## WORK INSTRUCTION:
Every line below must be given again exactly.

## PROVIDED RECORDS:
lemma card_filter_resample_coordinate:
  fixes X :: "(('i \<Rightarrow> 'a) \<times> 'b) set"
  assumes "finite X"
    and resample: "\<And>R M s. (R, M) \<in> X \<Longrightarrow> (R(c := s), M) \<in> X \<longleftrightarrow> s \<in> F"
    and Q_indep: "\<And>R M s. (R, M) \<in> X \<Longrightarrow> Q (R(c := s)) = Q R"
    and fraction: "\<And>R M. (R, M) \<in> X \<Longrightarrow> card {s \<in> F. Q R s} * d = a * card F"
  shows "card {(R, M) \<in> X. Q R (R c)} * d = a * card X"
proof -
  define forget where "forget = (\<lambda>(R :: 'i \<Rightarrow> 'a, M :: 'b). (R(c := undefined), M))"
  have fibre: "{x \<in> X. forget x = forget (R, M)} = (\<lambda>s. (R(c := s), M)) ` F"
    if "(R, M) \<in> X" for R M
  proof (intro equalityI subsetI)
    fix x assume x: "x \<in> {x \<in> X. forget x = forget (R, M)}"
    then obtain R' where x_eq: "x = (R', M)" and R': "R'(c := undefined) = R(c := undefined)"
      by (auto simp: forget_def split: prod.splits)
    have "R' = R(c := R' c)"
      using R' by (metis fun_upd_triv fun_upd_upd)
    moreover have "R' c \<in> F"
      using resample[of R' M "R' c"] x x_eq by simp
    ultimately show "x \<in> (\<lambda>s. (R(c := s), M)) ` F"
      using x_eq by blast
  qed (use resample[OF that] in \<open>auto simp: forget_def\<close>)
  have inj: "inj_on (\<lambda>s. (R(c := s), M)) A" for R M A
    by (rule inj_onI) (metis fun_upd_same prod.inject)
  have "{(R, M) \<in> X. Q R (R c)} = {x \<in> X. case x of (R, M) \<Rightarrow> Q R (R c)}"
    by auto
  also have "card \<dots> * d = a * card X"
  proof (rule card_filter_mult_eq_by_fibres[OF assms(1), where f = forget])
    fix y assume "y \<in> forget ` X"
    then obtain R M where RM: "(R, M) \<in> X" and y: "y = forget (R, M)"
      by auto
    have "{x \<in> X. forget x = y \<and> (case x of (R, M) \<Rightarrow> Q R (R c))}
        = {x \<in> (\<lambda>s. (R(c := s), M)) ` F. case x of (R, M) \<Rightarrow> Q R (R c)}"
      using fibre[OF RM] unfolding y by blast
    also have "\<dots> = (\<lambda>s. (R(c := s), M)) ` {s \<in> F. Q R s}"
      using Q_indep[OF RM] by auto
    finally show "card {x \<in> X. forget x = y \<and> (case x of (R, M) \<Rightarrow> Q R (R c))} * d
             = a * card {x \<in> X. forget x = y}"
      using fraction[OF RM] fibre[OF RM] by (simp add: y card_image[OF inj])
  qed
  finally show ?thesis .
qed

lemma fun_upd_in_PiE_iff:
  assumes "x \<in> S" "f \<in> S \<rightarrow>\<^sub>E A"
  shows "f(x := y) \<in> S \<rightarrow>\<^sub>E A \<longleftrightarrow> y \<in> A"
  using assms by (auto simp: PiE_iff extensional_def)

lemma finite_key_rings: "finite (key_rings P K)"
  unfolding key_rings_def by (rule finite_subset[of _ "Pow {..<P}"]) auto

lemma card_key_rings: "card (key_rings P K) = P choose K"
  unfolding key_rings_def using n_subsets[of "{..<P}" K] by simp

lemma card_key_rings_containing:
  assumes "k < P"
  shows "card {S \<in> key_rings P K. k \<in> S} * P = K * card (key_rings P K)"
proof (cases K)
  case 0
  then show ?thesis
    by (auto simp: key_rings_def card_eq_0_iff dest: finite_subset[of _ "{..<P}"])
next
  case (Suc j)
  have "{S \<in> key_rings P K. k \<in> S} = insert k ` {T. T \<subseteq> {..<P} - {k} \<and> card T = j}"
  proof (intro equalityI subsetI)
    fix S assume S: "S \<in> {S \<in> key_rings P K. k \<in> S}"
    then have "finite S"
      by (auto simp: key_rings_def dest: finite_subset[of _ "{..<P}"])
    with S Suc have "S - {k} \<in> {T. T \<subseteq> {..<P} - {k} \<and> card T = j}"
      by (auto simp: key_rings_def)
    moreover have "S = insert k (S - {k})"
      using S by auto
    ultimately show "S \<in> insert k ` {T. T \<subseteq> {..<P} - {k} \<and> card T = j}"
      by blast
  qed (use assms Suc in \<open>auto simp: key_rings_def card_insert_if finite_subset[of _ "{..<P} - {k}"]\<close>)
  moreover have "inj_on (insert k) {T. T \<subseteq> {..<P} - {k} \<and> card T = j}"
    by (rule inj_onI) (metis Diff_insert_absorb Diff_iff mem_Collect_eq singletonI subset_iff)
  ultimately have "card {S \<in> key_rings P K. k \<in> S} = (P - 1) choose j"
    using n_subsets[of "{..<P} - {k}" j] assms by (simp add: card_image)
  then show ?thesis
    using times_binomial_minus1_eq[of K P] Suc by (simp add: card_key_rings mult.commute)
qed

lemma finite_qc_space: "finite (qc_space n P K m)"
proof (rule finite_subset)
  show "qc_space n P K m \<subseteq> ({..<n} \<rightarrow>\<^sub>E key_rings P K) \<times> Pow {..<n}"
    unfolding qc_space_def by auto
  show "finite (({..<n} \<rightarrow>\<^sub>E key_rings P K) \<times> Pow {..<n})"
    by (simp add: finite_key_rings finite_PiE)
qed

definition secure_uncaptured ::
    "nat \<Rightarrow> nat \<Rightarrow> nat \<Rightarrow> nat \<Rightarrow> nat \<Rightarrow> ((nat \<Rightarrow> nat set) \<times> nat set) set"
  where "secure_uncaptured n P K q m =
    {(R, M) \<in> qc_space n P K m. 0 \<notin> M \<and> 1 \<notin> M \<and> secure_link q R 0 1}"

lemma p_compromised_eq:
  "p_compromised n P K q m =
     real (card {(R, M) \<in> secure_uncaptured n P K q m. link_compromised R M 0 1})
   / real (card (secure_uncaptured n P K q m))"
proof -
  have "{(R, M) \<in> qc_space n P K m.
          0 \<notin> M \<and> 1 \<notin> M \<and> secure_link q R 0 1 \<and> link_compromised R M 0 1}
      = {(R, M) \<in> secure_uncaptured n P K q m. link_compromised R M 0 1}"
    by (auto simp: secure_uncaptured_def)
  then show ?thesis
    by (simp add: p_compromised_def secure_uncaptured_def)
qed

definition min_shared_key :: "(nat \<Rightarrow> nat set) \<Rightarrow> nat"
  where "min_shared_key R = Min (R 0 \<inter> R 1)"

lemma min_shared_key_mem:
  assumes "1 \<le> q" "secure_link q R 0 1"
  shows "min_shared_key R \<in> R 0 \<inter> R 1"
proof -
  have "card (R 0 \<inter> R 1) \<noteq> 0"
    using assms by (simp add: secure_link_def)
  then show ?thesis
    unfolding min_shared_key_def by (intro Min_in) (auto simp: card_eq_0_iff)
qed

## EXERCISE RESULT:
lemma card_filter_resample_coordinate:
  fixes X :: "(('i \<Rightarrow> 'a) \<times> 'b) set"
  assumes "finite X"
    and resample: "\<And>R M s. (R, M) \<in> X \<Longrightarrow> (R(c := s), M) \<in> X \<longleftrightarrow> s \<in> F"
    and Q_indep: "\<And>R M s. (R, M) \<in> X \<Longrightarrow> Q (R(c := s)) = Q R"
    and fraction: "\<And>R M. (R, M) \<in> X \<Longrightarrow> card {s \<in> F. Q R s} * d = a * card F"
  shows "card {(R, M) \<in> X. Q R (R c)} * d = a * card X"
proof -
  define forget where "forget = (\<lambda>(R :: 'i \<Rightarrow> 'a, M :: 'b). (R(c := undefined), M))"
  have fibre: "{x \<in> X. forget x = forget (R, M)} = (\<lambda>s. (R(c := s), M)) ` F"
    if "(R, M) \<in> X" for R M
  proof (intro equalityI subsetI)
    fix x assume x: "x \<in> {x \<in> X. forget x = forget (R, M)}"
    then obtain R' where x_eq: "x = (R', M)" and R': "R'(c := undefined) = R(c := undefined)"
      by (auto simp: forget_def split: prod.splits)
    have "R' = R(c := R' c)"
      using R' by (metis fun_upd_triv fun_upd_upd)
    moreover have "R' c \<in> F"
      using resample[of R' M "R' c"] x x_eq by simp
    ultimately show "x \<in> (\<lambda>s. (R(c := s), M)) ` F"
      using x_eq by blast
  qed (use resample[OF that] in \<open>auto simp: forget_def\<close>)
  have inj: "inj_on (\<lambda>s. (R(c := s), M)) A" for R M A
    by (rule inj_onI) (metis fun_upd_same prod.inject)
  have "{(R, M) \<in> X. Q R (R c)} = {x \<in> X. case x of (R, M) \<Rightarrow> Q R (R c)}"
    by auto
  also have "card \<dots> * d = a * card X"
  proof (rule card_filter_mult_eq_by_fibres[OF assms(1), where f = forget])
    fix y assume "y \<in> forget ` X"
    then obtain R M where RM: "(R, M) \<in> X" and y: "y = forget (R, M)"
      by auto
    have "{x \<in> X. forget x = y \<and> (case x of (R, M) \<Rightarrow> Q R (R c))}
        = {x \<in> (\<lambda>s. (R(c := s), M)) ` F. case x of (R, M) \<Rightarrow> Q R (R c)}"
      using fibre[OF RM] unfolding y by blast
    also have "\<dots> = (\<lambda>s. (R(c := s), M)) ` {s \<in> F. Q R s}"
      using Q_indep[OF RM] by auto
    finally show "card {x \<in> X. forget x = y \<and> (case x of (R, M) \<Rightarrow> Q R (R c))} * d
             = a * card {x \<in> X. forget x = y}"
      using fraction[OF RM] fibre[OF RM] by (simp add: y card_image[OF inj])
  qed
  finally show ?thesis .
qed

lemma fun_upd_in_PiE_iff:
  assumes "x \<in> S" "f \<in> S \<rightarrow>\<^sub>E A"
  shows "f(x := y) \<in> S \<rightarrow>\<^sub>E A \<longleftrightarrow> y \<in> A"
  using assms by (auto simp: PiE_iff extensional_def)

lemma finite_key_rings: "finite (key_rings P K)"
  unfolding key_rings_def by (rule finite_subset[of _ "Pow {..<P}"]) auto

lemma card_key_rings: "card (key_rings P K) = P choose K"
  unfolding key_rings_def using n_subsets[of "{..<P}" K] by simp

lemma card_key_rings_containing:
  assumes "k < P"
  shows "card {S \<in> key_rings P K. k \<in> S} * P = K * card (key_rings P K)"
proof (cases K)
  case 0
  then show ?thesis
    by (auto simp: key_rings_def card_eq_0_iff dest: finite_subset[of _ "{..<P}"])
next
  case (Suc j)
  have "{S \<in> key_rings P K. k \<in> S} = insert k ` {T. T \<subseteq> {..<P} - {k} \<and> card T = j}"
  proof (intro equalityI subsetI)
    fix S assume S: "S \<in> {S \<in> key_rings P K. k \<in> S}"
    then have "finite S"
      by (auto simp: key_rings_def dest: finite_subset[of _ "{..<P}"])
    with S Suc have "S - {k} \<in> {T. T \<subseteq> {..<P} - {k} \<and> card T = j}"
      by (auto simp: key_rings_def)
    moreover have "S = insert k (S - {k})"
      using S by auto
    ultimately show "S \<in> insert k ` {T. T \<subseteq> {..<P} - {k} \<and> card T = j}"
      by blast
  qed (use assms Suc in \<open>auto simp: key_rings_def card_insert_if finite_subset[of _ "{..<P} - {k}"]\<close>)
  moreover have "inj_on (insert k) {T. T \<subseteq> {..<P} - {k} \<and> card T = j}"
    by (rule inj_onI) (metis Diff_insert_absorb Diff_iff mem_Collect_eq singletonI subset_iff)
  ultimately have "card {S \<in> key_rings P K. k \<in> S} = (P - 1) choose j"
    using n_subsets[of "{..<P} - {k}" j] assms by (simp add: card_image)
  then show ?thesis
    using times_binomial_minus1_eq[of K P] Suc by (simp add: card_key_rings mult.commute)
qed

lemma finite_qc_space: "finite (qc_space n P K m)"
proof (rule finite_subset)
  show "qc_space n P K m \<subseteq> ({..<n} \<rightarrow>\<^sub>E key_rings P K) \<times> Pow {..<n}"
    unfolding qc_space_def by auto
  show "finite (({..<n} \<rightarrow>\<^sub>E key_rings P K) \<times> Pow {..<n})"
    by (simp add: finite_key_rings finite_PiE)
qed

definition secure_uncaptured ::
    "nat \<Rightarrow> nat \<Rightarrow> nat \<Rightarrow> nat \<Rightarrow> nat \<Rightarrow> ((nat \<Rightarrow> nat set) \<times> nat set) set"
  where "secure_uncaptured n P K q m =
    {(R, M) \<in> qc_space n P K m. 0 \<notin> M \<and> 1 \<notin> M \<and> secure_link q R 0 1}"

lemma p_compromised_eq:
  "p_compromised n P K q m =
     real (card {(R, M) \<in> secure_uncaptured n P K q m. link_compromised R M 0 1})
   / real (card (secure_uncaptured n P K q m))"
proof -
  have "{(R, M) \<in> qc_space n P K m.
          0 \<notin> M \<and> 1 \<notin> M \<and> secure_link q R 0 1 \<and> link_compromised R M 0 1}
      = {(R, M) \<in> secure_uncaptured n P K q m. link_compromised R M 0 1}"
    by (auto simp: secure_uncaptured_def)
  then show ?thesis
    by (simp add: p_compromised_def secure_uncaptured_def)
qed

definition min_shared_key :: "(nat \<Rightarrow> nat set) \<Rightarrow> nat"
  where "min_shared_key R = Min (R 0 \<inter> R 1)"

lemma min_shared_key_mem:
  assumes "1 \<le> q" "secure_link q R 0 1"
  shows "min_shared_key R \<in> R 0 \<inter> R 1"
proof -
  have "card (R 0 \<inter> R 1) \<noteq> 0"
    using assms by (simp add: secure_link_def)
  then show ?thesis
    unfolding min_shared_key_def by (intro Min_in) (auto simp: card_eq_0_iff)
qed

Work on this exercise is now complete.